Application of the Darzens Glycidic Ester Synthesis

Darzen Halogenation can be used to produce alkyl halides from alcohols using thionyl chloride or bromide (SOX2) and a tiny amount of a nitrogen base such as tertiary amine or pyridine, or analogous hydrochloride. This procedure cannot be used to make alkyl bromides or iodides because of the unstable nature of the thionyl bromide and the absence of the thionyl iodide. For the production of alkyl chlorides, gaseous SO2 and HCl are desirable byproducts. However, this is not the case with the phosphorus chloride approach, and as a result, it is not employed to make alkyl chlorides.

A ketone or aldehyde reacts with a halo ester and a base to generate an -epoxy ester, also known as a “glycidic ester,” in the Darzens reaction (also known as the Darzens condensation or glycidic ester condensation). In 1904, Auguste Georges Darzens discovered this redox reaction in his laboratory.

Key Details

• The reaction’s broad synthetic scope can be attributed to the reaction’s wide tolerance of functional groups and the numerous reaction conditions that can be used. 

• There are numerous substitutes for simple esters that can be used in the enolate formation process. 

• These changes have assured their continued relevance, with a wide range of solvents and bases providing the necessary conditions. 

• Dihalogen epoxy esters have been used extensively in a wide range of applications.

• The invention of the asymmetric reaction and improved management of stereoisomers are two of the reaction’s most promising recent improvements. 

• Catalytic asymmetric Darzens reactions have a wide range of applications in pharmaceutical chemistry. However, the catalytic asymmetric Darzens reaction does not yet appear to be used in the synthesis of medicinal molecules.

Reaction Mechanics

The reaction step commences when a strong base is employed to produce a carbanion at the halogenated site. This carbanion is a resonance-stabilised enolate because of the ester, making its formation simple. Another carbonyl group is attacked by this nucleophilic structure, resulting in the formation of a new carbon-carbon bond. A base-catalysed aldol reaction is analogous to the first two steps here. The oxygen anion then performs an intramolecular SN2 attack on the halide-bearing site in this aldol-like product to generate an aldehyde. This is a condensation reaction because the two reactant molecules combine and lose HCl in the process.

If additional carbonyl functional groups are available, they can be utilised instead of an ester for this initial deprotonation step. If the starting material is a -halo amide, the end product is an epoxy amide. Any strong base will do for the first deprotonation. The alkoxide with the ester side chain is typically used to avoid problems caused by possible acyl exchange side reactions if the starting material is an ester.

Stereochemistry

• The epoxide can exist in cis or trans-form, depending on the precise structures involved. Cis or trans may be the result of a specific reaction. 

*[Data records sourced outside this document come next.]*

(* Fix a subject entity $s$ and a finite set $E$ of candidate events for $s$, and define for $T\subseteq E$ $$\mathrm{Rel}(s,T)=\lambda\,\mathrm{ERel}(s,T)+(1-\lambda)\,\mathrm{DRel}(s,T),$$ where $$\mathrm{ERel}(s,T)=w^e_1\,\mathrm{E2E}(s,T)+w^e_2\,\mathrm{E2EPath}(T)+w^e_3\,\mathrm{G2E}(T),\qquad \mathrm{DRel}(s,T)=w^d_1\,\mathrm{E2D}(s,T)+w^d_2\,\mathrm{E2DPath}(T),$$ with $$\mathrm{E2E}(s,T)=\sum_{re\in\{\mathrm{RE}(e)\,:\,e\in T\}}\mathrm{E2ECooc}(s,re),\qquad \mathrm{G2E}(T)=\sum_{re\in\{\mathrm{RE}(e)\,:\,e\in T\}}\mathrm{GlobalImportance}(re),$$ $$\mathrm{E2EPath}(T)=\sum_{p\in\{\pi_{RE}(e)\,:\,e\in T\}}\ \operatorname*{average}_{e\in\mathcal{E},\ \pi_{RE}(e)=p}\mathrm{E2ECooc}(\mathrm{Sub}(e),\mathrm{RE}(e)),$$ $$\mathrm{E2D}(s,T)=\sum_{t\in\{\tau(e)\,:\,e\in T\}}\mathrm{E2DCooc}(s,t),\qquad \mathrm{E2DPath}(T)=\sum_{p\in\{\pi_{\tau}(e)\,:\,e\in T\}}\ \operatorname*{average}_{e\in\mathcal{E},\ \pi_{\tau}(e)=p}\mathrm{E2DCooc}(\mathrm{Sub}(e),\tau(e)),$$ where $0\le\lambda\le 1$ and $w^e_1,w^e_2,w^e_3,w^d_1,w^d_2\ge 0$. Then $f(T)=\mathrm{Rel}(s,T)$ is a monotone submodular set function $f:2^E\to\mathbb{R}_{\ge 0}$.
   Context: Events: $\mathcal{E}$ is the (finite) set of all events over all subjects in a knowledge base, and $E\subseteq\mathcal{E}$ is the set of candidate events of the subject $s$. Each event $e$ has a subject $\mathrm{Sub}(e)$ (with $\mathrm{Sub}(e)=s$ for $e\in E$), a related entity $\mathrm{RE}(e)$, a timestamp $\tau(e)\in\mathbb{R}$, an entity path $\pi_{RE}(e)$ and a time path $\pi_\tau(e)$ (labels drawn from some set of path types). The sums range over sets (not multisets), so each distinct related entity, timestamp, or path is counted once. $\mathrm{E2ECooc}(x,y)$ and $\mathrm{E2DCooc}(x,t)$ are nonnegative real-valued co-occurrence scores between entities (resp. an entity and a date) — in the paper, normalized pointwise mutual information computed from web co-occurrence, with only positive values retained — and $\mathrm{GlobalImportance}(re)\ge 0$ is a nonnegative score of an entity (the fraction of search queries mentioning it). A set function $f$ on $2^E$ is submodular if $f(A\cup\{e\})-f(A)\ge f(B\cup\{e\})-f(B)$ for all $A\subseteq B\subseteq E$ and $e\in E\setminus B$, and monotone if $f(A)\le f(B)$ whenever $A\subseteq B$. *)

theory Defs
  imports "HOL-Analysis.Analysis"
begin

definition average :: "'a set \<Rightarrow> ('a \<Rightarrow> real) \<Rightarrow> real" where
  "average A g = (\<Sum>x\<in>A. g x) / real (card A)"

definition E2E :: "('ent \<Rightarrow> 'ent \<Rightarrow> real) \<Rightarrow> ('ev \<Rightarrow> 'ent) \<Rightarrow> 'ent \<Rightarrow> 'ev set \<Rightarrow> real" where
  "E2E E2ECooc RE s T = (\<Sum>re\<in>RE ` T. E2ECooc s re)"

definition G2E :: "('ent \<Rightarrow> real) \<Rightarrow> ('ev \<Rightarrow> 'ent) \<Rightarrow> 'ev set \<Rightarrow> real" where
  "G2E GI RE T = (\<Sum>re\<in>RE ` T. GI re)"

definition E2EPath :: "'ev set \<Rightarrow> ('ent \<Rightarrow> 'ent \<Rightarrow> real) \<Rightarrow> ('ev \<Rightarrow> 'ent) \<Rightarrow> ('ev \<Rightarrow> 'ent)
    \<Rightarrow> ('ev \<Rightarrow> 'p) \<Rightarrow> 'ev set \<Rightarrow> real" where
  "E2EPath Ev E2ECooc Sub RE piRE T =
     (\<Sum>p\<in>piRE ` T. average {e\<in>Ev. piRE e = p} (\<lambda>e. E2ECooc (Sub e) (RE e)))"

definition E2D :: "('ent \<Rightarrow> real \<Rightarrow> real) \<Rightarrow> ('ev \<Rightarrow> real) \<Rightarrow> 'ent \<Rightarrow> 'ev set \<Rightarrow> real" where
  "E2D E2DCooc tau s T = (\<Sum>t\<in>tau ` T. E2DCooc s t)"

definition E2DPath :: "'ev set \<Rightarrow> ('ent \<Rightarrow> real \<Rightarrow> real) \<Rightarrow> ('ev \<Rightarrow> 'ent) \<Rightarrow> ('ev \<Rightarrow> real)
    \<Rightarrow> ('ev \<Rightarrow> 'q) \<Rightarrow> 'ev set \<Rightarrow> real" where
  "E2DPath Ev E2DCooc Sub tau piTau T =
     (\<Sum>p\<in>piTau ` T. average {e\<in>Ev. piTau e = p} (\<lambda>e. E2DCooc (Sub e) (tau e)))"

definition submodular_on :: "'a set \<Rightarrow> ('a set \<Rightarrow> real) \<Rightarrow> bool" where
  "submodular_on E f \<longleftrightarrow>
     (\<forall>A B e. A \<subseteq> B \<and> B \<subseteq> E \<and> e \<in> E - B \<longrightarrow>
        f (A \<union> {e}) - f A \<ge> f (B \<union> {e}) - f B)"

definition monotone_set_fun_on :: "'a set \<Rightarrow> ('a set \<Rightarrow> real) \<Rightarrow> bool" where
  "monotone_set_fun_on E f \<longleftrightarrow> (\<forall>A B. A \<subseteq> B \<and> B \<subseteq> E \<longrightarrow> f A \<le> f B)"

end

theory Submission
  imports Defs
begin

text \<open>Each of the five relevance terms is a weighted coverage function
  \<open>T \<mapsto> \<Sum>x\<in>g ` T. h x\<close> with \<open>h \<ge> 0\<close>: adding an event \<open>e\<close> gains \<open>h (g e)\<close> if \<open>g e\<close> is not yet
  covered and nothing otherwise, and a larger set covers more. Such functions are nonnegative,
  monotone and submodular, and these three properties are preserved by nonnegative linear
  combinations, of which \<open>Rel\<close> is one.\<close>

definition nonneg_monotone_submodular_on :: "'a set \<Rightarrow> ('a set \<Rightarrow> real) \<Rightarrow> bool" where
  "nonneg_monotone_submodular_on E F \<longleftrightarrow>
     monotone_set_fun_on E F \<and> submodular_on E F \<and> (\<forall>T. T \<subseteq> E \<longrightarrow> F T \<ge> 0)"

lemma nonneg_monotone_submodular_onI:
  assumes "\<And>A B. A \<subseteq> B \<Longrightarrow> B \<subseteq> E \<Longrightarrow> F A \<le> F B"
    and "\<And>A B e. A \<subseteq> B \<Longrightarrow> B \<subseteq> E \<Longrightarrow> e \<in> E - B \<Longrightarrow>
           F (B \<union> {e}) - F B \<le> F (A \<union> {e}) - F A"
    and "\<And>T. T \<subseteq> E \<Longrightarrow> 0 \<le> F T"
  shows "nonneg_monotone_submodular_on E F"
  unfolding nonneg_monotone_submodular_on_def monotone_set_fun_on_def submodular_on_def
  using assms by blast

lemma nonneg_monotone_submodular_onD:
  assumes "nonneg_monotone_submodular_on E F"
  shows "\<And>A B. A \<subseteq> B \<Longrightarrow> B \<subseteq> E \<Longrightarrow> F A \<le> F B"
    and "\<And>A B e. A \<subseteq> B \<Longrightarrow> B \<subseteq> E \<Longrightarrow> e \<in> E - B \<Longrightarrow>
           F (B \<union> {e}) - F B \<le> F (A \<union> {e}) - F A"
    and "\<And>T. T \<subseteq> E \<Longrightarrow> 0 \<le> F T"
  using assms
  unfolding nonneg_monotone_submodular_on_def monotone_set_fun_on_def submodular_on_def
  by blast+

lemma nonneg_monotone_submodular_on_scale:
  assumes F: "nonneg_monotone_submodular_on E F" and c: "c \<ge> 0"
  shows "nonneg_monotone_submodular_on E (\<lambda>T. c * F T)"
proof (rule nonneg_monotone_submodular_onI)
  fix A B assume "A \<subseteq> B" "B \<subseteq> E"
  then show "c * F A \<le> c * F B"
    by (rule mult_left_mono[OF nonneg_monotone_submodular_onD(1)[OF F] c])
next
  fix A B e assume "A \<subseteq> B" "B \<subseteq> E" "e \<in> E - B"
  then have "c * (F (B \<union> {e}) - F B) \<le> c * (F (A \<union> {e}) - F A)"
    by (rule mult_left_mono[OF nonneg_monotone_submodular_onD(2)[OF F] c])
  then show "c * F (B \<union> {e}) - c * F B \<le> c * F (A \<union> {e}) - c * F A"
    by (simp add: right_diff_distrib)
next
  fix T assume "T \<subseteq> E"
  then show "0 \<le> c * F T"
    by (rule mult_nonneg_nonneg[OF c nonneg_monotone_submodular_onD(3)[OF F]])
qed

lemma nonneg_monotone_submodular_on_add:
  assumes F: "nonneg_monotone_submodular_on E F" and G: "nonneg_monotone_submodular_on E G"
  shows "nonneg_monotone_submodular_on E (\<lambda>T. F T + G T)"
  using nonneg_monotone_submodular_onD[OF F] nonneg_monotone_submodular_onD[OF G]
  by (intro nonneg_monotone_submodular_onI) (smt (verit))+

lemma sum_image_insert_gain:
  assumes "finite A"
  shows "(\<Sum>x\<in>g ` (A \<union> {e}). h x) - (\<Sum>x\<in>g ` A. h x) =
           (if g e \<in> g ` A then 0 else (h (g e) :: real))"
  using assms by (simp add: insert_absorb)

lemma coverage_nonneg_monotone_submodular_on:
  assumes E: "finite E" and h: "\<And>x. h x \<ge> (0::real)"
  shows "nonneg_monotone_submodular_on E (\<lambda>T. \<Sum>x\<in>g ` T. h x)"
proof (rule nonneg_monotone_submodular_onI)
  fix A B assume "A \<subseteq> B" "B \<subseteq> E"
  with E show "(\<Sum>x\<in>g ` A. h x) \<le> (\<Sum>x\<in>g ` B. h x)"
    by (intro sum_mono2) (auto intro: finite_subset h)
next
  fix A B e assume AB: "A \<subseteq> B" "B \<subseteq> E"
  with E have A: "finite A" and B: "finite B" by (auto intro: finite_subset)
  from AB h show "(\<Sum>x\<in>g ` (B \<union> {e}). h x) - (\<Sum>x\<in>g ` B. h x)
      \<le> (\<Sum>x\<in>g ` (A \<union> {e}). h x) - (\<Sum>x\<in>g ` A. h x)"
    unfolding sum_image_insert_gain[OF A] sum_image_insert_gain[OF B] by auto
next
  fix T show "0 \<le> (\<Sum>x\<in>g ` T. h x)" by (rule sum_nonneg[OF h])
qed

lemma average_nonneg: "(\<And>x. k x \<ge> 0) \<Longrightarrow> average A k \<ge> 0"
  unfolding average_def by (simp add: sum_nonneg)

lemma E2E_nonneg_monotone_submodular_on:
  "finite E \<Longrightarrow> (\<And>x y. E2ECooc x y \<ge> 0) \<Longrightarrow>
     nonneg_monotone_submodular_on E (E2E E2ECooc RE s)"
  unfolding E2E_def by (rule coverage_nonneg_monotone_submodular_on)

lemma G2E_nonneg_monotone_submodular_on:
  "finite E \<Longrightarrow> (\<And>x. GI x \<ge> 0) \<Longrightarrow> nonneg_monotone_submodular_on E (G2E GI RE)"
  unfolding G2E_def by (rule coverage_nonneg_monotone_submodular_on)

lemma E2D_nonneg_monotone_submodular_on:
  "finite E \<Longrightarrow> (\<And>x t. E2DCooc x t \<ge> 0) \<Longrightarrow>
     nonneg_monotone_submodular_on E (E2D E2DCooc tau s)"
  unfolding E2D_def by (rule coverage_nonneg_monotone_submodular_on)

lemma E2EPath_nonneg_monotone_submodular_on:
  "finite E \<Longrightarrow> (\<And>x y. E2ECooc x y \<ge> 0) \<Longrightarrow>
     nonneg_monotone_submodular_on E (E2EPath Ev E2ECooc Sub RE piRE)"
  unfolding E2EPath_def by (rule coverage_nonneg_monotone_submodular_on) (simp_all add: average_nonneg)

lemma E2DPath_nonneg_monotone_submodular_on:
  "finite E \<Longrightarrow> (\<And>x t. E2DCooc x t \<ge> 0) \<Longrightarrow>
     nonneg_monotone_submodular_on E (E2DPath Ev E2DCooc Sub tau piTau)"
  unfolding E2DPath_def by (rule coverage_nonneg_monotone_submodular_on) (simp_all add: average_nonneg)

theorem theorem1:
  fixes Ev E :: "'ev set"
    and s :: 'ent
    and Sub RE :: "'ev \<Rightarrow> 'ent"
    and tau :: "'ev \<Rightarrow> real"
    and piRE :: "'ev \<Rightarrow> 'p"
    and piTau :: "'ev \<Rightarrow> 'q"
    and E2ECooc :: "'ent \<Rightarrow> 'ent \<Rightarrow> real"
    and E2DCooc :: "'ent \<Rightarrow> real \<Rightarrow> real"
    and GI :: "'ent \<Rightarrow> real"
    and lambda we1 we2 we3 wd1 wd2 :: real
    and f :: "'ev set \<Rightarrow> real"
  assumes "finite Ev" and "E \<subseteq> Ev"
    and "\<forall>e\<in>E. Sub e = s"
    and "\<And>x y. E2ECooc x y \<ge> 0"
    and "\<And>x t. E2DCooc x t \<ge> 0"
    and "\<And>x. GI x \<ge> 0"
    and "0 \<le> lambda" "lambda \<le> 1"
    and "we1 \<ge> 0" "we2 \<ge> 0" "we3 \<ge> 0" "wd1 \<ge> 0" "wd2 \<ge> 0"
    and f_def: "\<And>T. f T =
        lambda * (we1 * E2E E2ECooc RE s T + we2 * E2EPath Ev E2ECooc Sub RE piRE T
                  + we3 * G2E GI RE T)
      + (1 - lambda) * (wd1 * E2D E2DCooc tau s T + wd2 * E2DPath Ev E2DCooc Sub tau piTau T)"
  shows "monotone_set_fun_on E f \<and> submodular_on E f \<and> (\<forall>T. T \<subseteq> E \<longrightarrow> f T \<ge> 0)"
proof -
  have E: "finite E" using assms(1,2) by (rule finite_subset[rotated])
  have "nonneg_monotone_submodular_on E f"
    unfolding f_def[abs_def] using assms(4-13)
    by (intro nonneg_monotone_submodular_on_add nonneg_monotone_submodular_on_scale
          E2E_nonneg_monotone_submodular_on[OF E] E2EPath_nonneg_monotone_submodular_on[OF E]
          G2E_nonneg_monotone_submodular_on[OF E] E2D_nonneg_monotone_submodular_on[OF E]
          E2DPath_nonneg_monotone_submodular_on[OF E]) simp_all
  then show ?thesis unfolding nonneg_monotone_submodular_on_def .
qed

end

• Many characteristics of the sequence’s intermediary phases influence the stereochemistry of the reaction.

• In this phase, the carbanion first attacks the carbonyl and establishes early stereochemistry of the reaction cycle. 

• At this point, two sp3 (tetrahedral) carbons are formed, allowing the halohydrin intermediate to be diastereomeric in two different ways. 

• Chemical kinetics dictate that the reaction’s primary end product will be the product that is easiest and fastest to generate. 

• The epoxide’s cis or trans-form is determined by the kinetics of an intermediary step in the subsequent SN2 reaction. 

• Since the halohydrin was formed under such basic conditions before the SN2 reaction, it is possible that it will epimerise instead. As a result, the first created diastereomer may transform into another. 

• As this is an equilibrium process, chemical thermodynamics dictates whether the epoxide forms in the cis or trans-form, regardless of the kinetic outcome.

Applications

• It has become possible to synthesise many medications industrially because of the Darzens condensation’s versatility. 

• Since there are so few recent examples, it’s safe to say that this reaction isn’t now considered a primary route for epoxide synthesis. 

• Reactions such as the homologation phases of vitamin A and Ibuprofen have been effectively executed in industrial-scale syntheses using the classical approach. 

• Additionally, a more recent example utilised the Darzens condensation as an alternate synthesis technique for epiasarinin.

Conclusion

One of the most well-known methods for creating -epoxy esters is the Darzens condensation. A halohydrin-type intermediate is formed when a carbonyl molecule reacts with a halo ester along with a base. The glycidic ester is then formed through a further ring closure. The Darzens reaction uses a non-oxidative mechanism to produce epoxides with electron-withdrawing groups. There are several mechanisms for the creation of epoxides.

Darzens condensation permits the carbon-carbon connection and the epoxide ring to be formed in one process, while nucleophilic epoxidation of an unsaturated ester is required for the production of glycidic esters by nucleophilic epoxidation.